About this exercise: Copy all the lines of the data that include the word "induct".

Information given:

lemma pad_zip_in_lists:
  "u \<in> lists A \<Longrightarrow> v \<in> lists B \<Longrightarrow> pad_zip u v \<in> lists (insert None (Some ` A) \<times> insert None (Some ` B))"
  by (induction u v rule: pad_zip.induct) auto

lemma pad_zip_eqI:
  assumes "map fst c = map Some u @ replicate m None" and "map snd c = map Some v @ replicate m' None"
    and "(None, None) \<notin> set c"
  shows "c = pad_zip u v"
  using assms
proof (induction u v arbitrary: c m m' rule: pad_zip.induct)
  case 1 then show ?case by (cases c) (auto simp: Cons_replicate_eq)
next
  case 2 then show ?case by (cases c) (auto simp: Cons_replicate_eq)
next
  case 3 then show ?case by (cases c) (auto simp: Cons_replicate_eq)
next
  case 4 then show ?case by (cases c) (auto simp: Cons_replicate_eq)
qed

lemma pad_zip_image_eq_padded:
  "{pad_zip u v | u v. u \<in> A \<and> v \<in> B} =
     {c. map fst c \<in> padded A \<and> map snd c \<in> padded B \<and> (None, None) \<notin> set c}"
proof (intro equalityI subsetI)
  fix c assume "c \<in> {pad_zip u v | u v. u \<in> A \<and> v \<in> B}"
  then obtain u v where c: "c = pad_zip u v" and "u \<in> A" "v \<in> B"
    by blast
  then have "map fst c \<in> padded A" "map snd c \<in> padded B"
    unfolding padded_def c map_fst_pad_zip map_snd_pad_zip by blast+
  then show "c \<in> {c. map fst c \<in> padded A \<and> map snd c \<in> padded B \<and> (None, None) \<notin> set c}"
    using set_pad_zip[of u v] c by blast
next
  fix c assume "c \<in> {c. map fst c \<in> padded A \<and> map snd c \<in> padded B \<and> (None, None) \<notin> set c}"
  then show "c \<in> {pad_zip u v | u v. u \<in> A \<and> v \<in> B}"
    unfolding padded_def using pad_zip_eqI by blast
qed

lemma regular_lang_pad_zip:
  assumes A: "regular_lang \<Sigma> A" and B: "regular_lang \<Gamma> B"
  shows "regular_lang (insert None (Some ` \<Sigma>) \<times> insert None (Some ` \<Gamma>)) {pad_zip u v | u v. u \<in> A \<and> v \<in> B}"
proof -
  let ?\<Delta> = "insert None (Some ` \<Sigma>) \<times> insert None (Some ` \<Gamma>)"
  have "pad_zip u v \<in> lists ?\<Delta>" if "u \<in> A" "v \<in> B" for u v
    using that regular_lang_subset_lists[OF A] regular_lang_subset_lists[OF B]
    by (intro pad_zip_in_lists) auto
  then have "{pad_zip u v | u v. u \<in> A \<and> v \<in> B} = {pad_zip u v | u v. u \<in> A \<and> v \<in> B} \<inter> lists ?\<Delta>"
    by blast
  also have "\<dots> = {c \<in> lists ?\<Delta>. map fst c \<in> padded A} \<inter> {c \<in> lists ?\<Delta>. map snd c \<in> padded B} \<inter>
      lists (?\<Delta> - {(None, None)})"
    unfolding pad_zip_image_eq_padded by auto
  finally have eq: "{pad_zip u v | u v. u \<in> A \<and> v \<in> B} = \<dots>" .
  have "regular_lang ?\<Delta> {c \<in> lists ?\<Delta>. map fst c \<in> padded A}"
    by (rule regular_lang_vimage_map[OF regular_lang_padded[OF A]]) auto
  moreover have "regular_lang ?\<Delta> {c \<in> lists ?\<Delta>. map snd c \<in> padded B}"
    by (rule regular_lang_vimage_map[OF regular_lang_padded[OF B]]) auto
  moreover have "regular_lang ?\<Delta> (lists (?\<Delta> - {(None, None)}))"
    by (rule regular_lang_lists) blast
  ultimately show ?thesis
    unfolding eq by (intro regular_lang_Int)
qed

Your response:
  by (induction u v rule: pad_zip.induct) auto
proof (induction u v arbitrary: c m m' rule: pad_zip.induct)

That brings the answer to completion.